Tarot for easier Rails configurations

Once upon a time, I wrote a quick-and-dirty Rails plugin for site configuration. Since then, I’ve continued to use variants on this pattern, and it’s evolved to the point that it deserved a revisit.

After continually slimming down the code, I realized that even though it’s tiny, it’s danged useful to be able to just drop this into a Rails app and go. Thus, I’d like to present Tarot, my Rails configuration solution.

Tarot’s current form is heavily inspired by the Rails I18n usage, and is very quick and easy to use in your app. The generator installs a sample yaml file at config/tarot.yml, as well as an initializer to bootstrap your configuration and provide a handy helper method for quick access to those config values.
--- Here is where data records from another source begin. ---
(* Let $A$ be a valuation ring with maximal ideal $\mathfrak m$ and residue field $k$, and assume $2\in A^\times$. Let $[u_1,\dots,u_r]$ and $[v_1,\dots,v_s]$ be possibly empty frames in $\mathbb E^n_A$ spanning quadratic submodules $U$ and $V$ respectively. Then $U^\perp\cap V^\perp$ contains a unit vector if either (i) $n\geq m_A+r+2s$; or (ii) $n\geq m_A+r+s$ and $k$ is formally real; or (iii) $n>2P(k)r+s$ and $A$ is henselian; or (iv) $n>P(k)r+s$, $A$ is henselian, and $k$ is formally real.
   Context: $\mathbb E^n_A=(A^n,q)$, $q(x)=x_1^2+\dots+x_n^2$, $B_q(x,y)=q(x+y)-q(x)-q(y)$. A unit vector is $v$ with $q(v)=1$; a frame is a finite set of unit vectors $w_i$ with $B_q(w_i,w_j)=0$ for $i\neq j$. $S^\perp=\{x:B_q(x,s)=0\ \forall s\in S\}$. A quadratic submodule is a direct summand with restricted form; a quadratic module $(V,q)$ (finitely generated projective $V$) is non-singular if $x\mapsto B_q(x,-)$ is an isomorphism $V\to\mathrm{Hom}(V,A)$. $m_A\in\mathbb Z_{\geq1}\cup\{\infty\}$ is the smallest $m$ such that every non-singular quadratic submodule $W$ of some $\mathbb E^N_A$ with $\dim_k W/\mathfrak mW\geq m$ contains a unit vector. $P(k)$ is the smallest $p\geq1$ such that every sum of squares in $k$ is a sum of $p$ squares ($\infty$ if none). A field is formally real if $-1$ is not a sum of squares. Henselian: for $f\in A[X]$, simple roots in $k$ of $\bar f$ lift to roots of $f$ in $A$. A valuation ring is a domain $A$ with fraction field $K$ such that $x\in A$ or $x^{-1}\in A$ for each $x\in K^\times$. *)

theory Defs
  imports Main "HOL-Library.Extended_Nat" "HOL-Computational_Algebra.Polynomial"
    "HOL-Computational_Algebra.Fraction_Field"
begin

definition valuation_ring :: "('a::idom) itself \<Rightarrow> bool" where
  "valuation_ring _ \<longleftrightarrow>
     (\<forall>x::'a fract. x \<noteq> 0 \<longrightarrow>
        x \<in> range (\<lambda>a. Fract a 1) \<or> inverse x \<in> range (\<lambda>a. Fract a 1))"

(* pi : A -> k is a residue map: surjective ring hom onto the field k whose kernel is
   the maximal ideal m of the (local) ring A, i.e. the set of non-units. *)
definition residue_map :: "('a::comm_ring_1 \<Rightarrow> 'k::field) \<Rightarrow> bool" where
  "residue_map \<pi> \<longleftrightarrow> \<pi> 1 = 1 \<and> (\<forall>x y. \<pi> (x + y) = \<pi> x + \<pi> y)
     \<and> (\<forall>x y. \<pi> (x * y) = \<pi> x * \<pi> y) \<and> surj \<pi>
     \<and> (\<forall>x. \<pi> x = 0 \<longleftrightarrow> \<not> x dvd 1)"

definition henselian :: "('a::comm_ring_1 \<Rightarrow> 'k::field) \<Rightarrow> bool" where
  "henselian \<pi> \<longleftrightarrow> (\<forall>(f::'a poly) (a0::'k).
      poly (map_poly \<pi> f) a0 = 0 \<and> poly (pderiv (map_poly \<pi> f)) a0 \<noteq> 0
      \<longrightarrow> (\<exists>a. poly f a = 0 \<and> \<pi> a = a0))"

(* E^n_A: vectors are functions nat => A supported on {..<n} *)
definition vecs :: "nat \<Rightarrow> (nat \<Rightarrow> 'a::comm_ring_1) set" where
  "vecs n = {x. \<forall>i\<ge>n. x i = 0}"

definition qf :: "nat \<Rightarrow> (nat \<Rightarrow> 'a::comm_ring_1) \<Rightarrow> 'a" where
  "qf n x = (\<Sum>i<n. (x i)^2)"

definition Bq :: "nat \<Rightarrow> (nat \<Rightarrow> 'a::comm_ring_1) \<Rightarrow> (nat \<Rightarrow> 'a) \<Rightarrow> 'a" where
  "Bq n x y = qf n (\<lambda>i. x i + y i) - qf n x - qf n y"

definition unit_vector :: "nat \<Rightarrow> (nat \<Rightarrow> 'a::comm_ring_1) \<Rightarrow> bool" where
  "unit_vector n v \<longleftrightarrow> v \<in> vecs n \<and> qf n v = 1"

definition frame :: "nat \<Rightarrow> (nat \<Rightarrow> nat \<Rightarrow> 'a::comm_ring_1) \<Rightarrow> nat \<Rightarrow> bool" where
  "frame n u r \<longleftrightarrow> (\<forall>i<r. unit_vector n (u i))
     \<and> (\<forall>i<r. \<forall>j<r. i \<noteq> j \<longrightarrow> Bq n (u i) (u j) = 0)"

definition span_frame :: "(nat \<Rightarrow> nat \<Rightarrow> 'a::comm_ring_1) \<Rightarrow> nat \<Rightarrow> (nat \<Rightarrow> 'a) set" where
  "span_frame u r = {x. \<exists>c. x = (\<lambda>k. \<Sum>i<r. c i * u i k)}"

definition perp :: "nat \<Rightarrow> (nat \<Rightarrow> 'a::comm_ring_1) set \<Rightarrow> (nat \<Rightarrow> 'a) set" where
  "perp n S = {x \<in> vecs n. \<forall>s\<in>S. Bq n x s = 0}"

definition submod :: "nat \<Rightarrow> (nat \<Rightarrow> 'a::comm_ring_1) set \<Rightarrow> bool" where
  "submod N W \<longleftrightarrow> W \<subseteq> vecs N \<and> (\<lambda>_. 0) \<in> W
     \<and> (\<forall>x\<in>W. \<forall>y\<in>W. (\<lambda>i. x i + y i) \<in> W) \<and> (\<forall>a. \<forall>x\<in>W. (\<lambda>i. a * x i) \<in> W)"

definition quad_submod :: "nat \<Rightarrow> (nat \<Rightarrow> 'a::comm_ring_1) set \<Rightarrow> bool" where
  "quad_submod N W \<longleftrightarrow> submod N W \<and>
     (\<exists>W'. submod N W' \<and> W \<inter> W' = {\<lambda>_. 0} \<and>
        (\<forall>x\<in>vecs N. \<exists>y\<in>W. \<exists>z\<in>W'. x = (\<lambda>i. y i + z i)))"

definition linear_functional :: "(nat \<Rightarrow> 'a::comm_ring_1) set \<Rightarrow> ((nat \<Rightarrow> 'a) \<Rightarrow> 'a) \<Rightarrow> bool" where
  "linear_functional W \<phi> \<longleftrightarrow> (\<forall>x\<in>W. \<forall>y\<in>W. \<phi> (\<lambda>i. x i + y i) = \<phi> x + \<phi> y)
     \<and> (\<forall>a. \<forall>x\<in>W. \<phi> (\<lambda>i. a * x i) = a * \<phi> x)"

(* x |-> B_q(x,-) is an isomorphism W -> Hom_A(W,A) *)
definition nonsingular :: "nat \<Rightarrow> (nat \<Rightarrow> 'a::comm_ring_1) set \<Rightarrow> bool" where
  "nonsingular N W \<longleftrightarrow>
     (\<forall>x\<in>W. (\<forall>y\<in>W. Bq N x y = 0) \<longrightarrow> x = (\<lambda>_. 0))
     \<and> (\<forall>\<phi>. linear_functional W \<phi> \<longrightarrow> (\<exists>x\<in>W. \<forall>y\<in>W. \<phi> y = Bq N x y))"

definition mW :: "('a::comm_ring_1 \<Rightarrow> 'k::field) \<Rightarrow> (nat \<Rightarrow> 'a) set \<Rightarrow> (nat \<Rightarrow> 'a) set" where
  "mW \<pi> W = {x. \<exists>(l::nat) a y. (\<forall>j<l. \<pi> (a j) = 0 \<and> y j \<in> W) \<and> x = (\<lambda>i. \<Sum>j<l. a j * y j i)}"

(* dim_k (W / mW) >= d : there are d elements of W whose classes in W/mW are k-linearly
   independent (a k-combination sum pi(c_j) [w_j] vanishes iff sum c_j w_j in mW). *)
definition dim_res_ge :: "('a::comm_ring_1 \<Rightarrow> 'k::field) \<Rightarrow> (nat \<Rightarrow> 'a) set \<Rightarrow> nat \<Rightarrow> bool" where
  "dim_res_ge \<pi> W d \<longleftrightarrow> (\<exists>w. (\<forall>j<d. w j \<in> W) \<and>
     (\<forall>c. (\<lambda>i. \<Sum>j<d. c j * w j i) \<in> mW \<pi> W \<longrightarrow> (\<forall>j<d. \<pi> (c j) = 0)))"

definition mA_good :: "('a::comm_ring_1 \<Rightarrow> 'k::field) \<Rightarrow> nat \<Rightarrow> bool" where
  "mA_good \<pi> m \<longleftrightarrow> (\<forall>N (W::(nat \<Rightarrow> 'a) set). quad_submod N W \<and> nonsingular N W
      \<and> dim_res_ge \<pi> W m \<longrightarrow> (\<exists>x\<in>W. qf N x = 1))"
Assuming you have a config file like so:

---
base: &base
  foo: bar
  nested:
    tree: value
  array:
    - value 1
    - value 2

development: &development
  <<: *base

test: &test
  <<: *base

production: &production
  <<: *base
  foo: baz

You’ll notice that all the environments inherit from your base environment; this gives you an easy way to define common settings once, then override them per environment. Handy!
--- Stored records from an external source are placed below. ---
section \<open>The closed forms and the induction step\<close>

definition scaled_bernoulli :: "nat \<Rightarrow> real \<Rightarrow> real" where
  "scaled_bernoulli n x = pi ^ n / fact n * bernoulli_poly n (x / (2 * pi))"

lemma has_real_derivative_scaled_bernoulli:
  "(scaled_bernoulli (Suc n) has_real_derivative scaled_bernoulli n x / 2) (at x)"
proof -
  have "((\<lambda>x. bernoulli_poly (Suc n) (x / (2 * pi))) has_real_derivative
      real (Suc n) * bernoulli_poly n (x / (2 * pi)) * (1 / (2 * pi))) (at x)"
    by (rule DERIV_chain2[OF has_real_derivative_bernoulli_poly]) (auto intro!: derivative_eq_intros)
  then have "(scaled_bernoulli (Suc n) has_real_derivative
      pi ^ Suc n / fact (Suc n) * (real (Suc n) * bernoulli_poly n (x / (2 * pi)) * (1 / (2 * pi)))) (at x)"
    unfolding scaled_bernoulli_def[abs_def] by (rule DERIV_cmult)
  moreover have "pi ^ Suc n / fact (Suc n) * (real (Suc n) * bernoulli_poly n (x / (2 * pi)) * (1 / (2 * pi)))
      = scaled_bernoulli n x / 2"
    unfolding scaled_bernoulli_def by (simp add: field_simps del: of_nat_Suc)
  ultimately show ?thesis
    by (simp only:)
qed

lemma scaled_bernoulli_2pi: "n \<noteq> 1 \<Longrightarrow> scaled_bernoulli n (2 * pi) = scaled_bernoulli n 0"
  by (simp add: scaled_bernoulli_def bernoulli_poly_one_eq_zero)

lemma scaled_bernoulli_1: "scaled_bernoulli 1 x = (x - pi) / 2"
  unfolding scaled_bernoulli_def bernoulli_poly_1 by (simp add: field_simps)

definition cos_closed_form :: "nat \<Rightarrow> real \<Rightarrow> real" where
  "cos_closed_form p x = 1 / 2 - pi / 4 * sin (x / 2)
     - 1 / 2 * (\<Sum>j = 1..p. (-1) ^ (j + 1) * scaled_bernoulli (2 * j) x)"

definition sin_closed_form :: "nat \<Rightarrow> real \<Rightarrow> real" where
  "sin_closed_form p x = pi / 4 * cos (x / 2) - 1 / 4 * (pi - x)
     - 1 / 2 * (\<Sum>j = 1..p. (-1) ^ (j + 1) * scaled_bernoulli (2 * j + 1) x)"

lemma has_real_derivative_sin_closed_form:
  "(sin_closed_form p has_real_derivative cos_closed_form p x / 2) (at x)"
  unfolding sin_closed_form_def[abs_def] cos_closed_form_def
  by (auto intro!: derivative_eq_intros has_real_derivative_scaled_bernoulli
      simp: sum_distrib_left algebra_simps)
(* Let $f_0,f_1\in \mathrm{PL}_0(\mathbf{I})$ satisfy $[f_1^{f_0},f_0f_1^{-1}]=1$ and $[f_0f_1^{-1},f_1^{f_0^2}]=1$. Let $A=(a,c)$ be an orbital of $f_0$ that is an up-bump, and suppose $(a,c)$ is not an orbital of $f_1$. Let $(b_1,d_1),(b_2,d_2),\dots,(b_n,d_n)$, with $n\ge1$, be all the orbitals of $f_1$ that meet $(a,c)$, in increasing order. Then: (i) $a<b_1$; (ii) there is a point $p<c$ such that $f_0|_{[p,c]}=f_1|_{[p,c]}$; (iii) $d_n=c$; (iv) if $p$ is the minimal point such that $f_0|_{[p,c]}=f_1|_{[p,c]}$, then $b_nf_0\ge p$; (v) $b_1f_0>b_n$.
   Context: $\mathrm{PL}_0(\mathbf{I})$ is the group of orientation-preserving piecewise-linear homeomorphisms of $[0,1]$ with finitely many points of non-differentiability. Functions act on the right: $tf=f(t)$, $fg=g\circ f$, $a^b=b^{-1}ab$, $[a,b]=aba^{-1}b^{-1}$. The orbitals of $f$ are the connected components (open intervals) of $\operatorname{Supp}(f)=\{x: xf\ne x\}$; an orbital $A$ is an up-bump if $xf>x$ for all $x\in A$. Orbitals are ordered by $A<B$ if every point of $A$ is less than every point of $B$. *)

theory Defs
  imports "HOL-Analysis.Analysis"
begin

definition PL0 :: "(real \<Rightarrow> real) \<Rightarrow> bool" where
  "PL0 f \<longleftrightarrow>
     bij_betw f {0..1} {0..1} \<and> strict_mono_on {0..1} f \<and>
     (\<forall>x. x \<notin> {0..1} \<longrightarrow> f x = x) \<and>
     (\<exists>T. finite T \<and> {0,1} \<subseteq> T \<and> T \<subseteq> {0..1} \<and>
        (\<forall>u\<in>T. \<forall>v\<in>T. u < v \<and> {u<..<v} \<inter> T = {} \<longrightarrow>
           (\<exists>m k. \<forall>x\<in>{u..v}. f x = m * x + k)))"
You could can access values by key, or by dot-delimited path:

config('foo') => 'bar'
config('nested.tree') => value

Default values are similarly easy.

config('foo.missing', 42) => 42

Finally, while Tarot will read your current application environment’s config, if you want to reach into another environment, that’s likewise easy:

config('foo', nil, 'production') => 'baz'

As of 0.1.2, Tarot also supports method_missing invocation:

Config = Tarot::Config.new('settings.yml', Rails.env)
Config.foo.bar.baz => "bin"

It also supports default values:

# Assuming foo has no subkey bar
Config.foo.bar("default") => "default"

But it’ll fail if you try to invoke method_missing on a non-leaf node

# Assuming that there is no `blaze` tree
Config.blaze.blarg => NameError

That’s about all there is to it – config isn’t (or shouldn’t be) a hard problem, so there’s not a whole lot to it, but it should get you up and running with easily-configured Rails apps in seconds.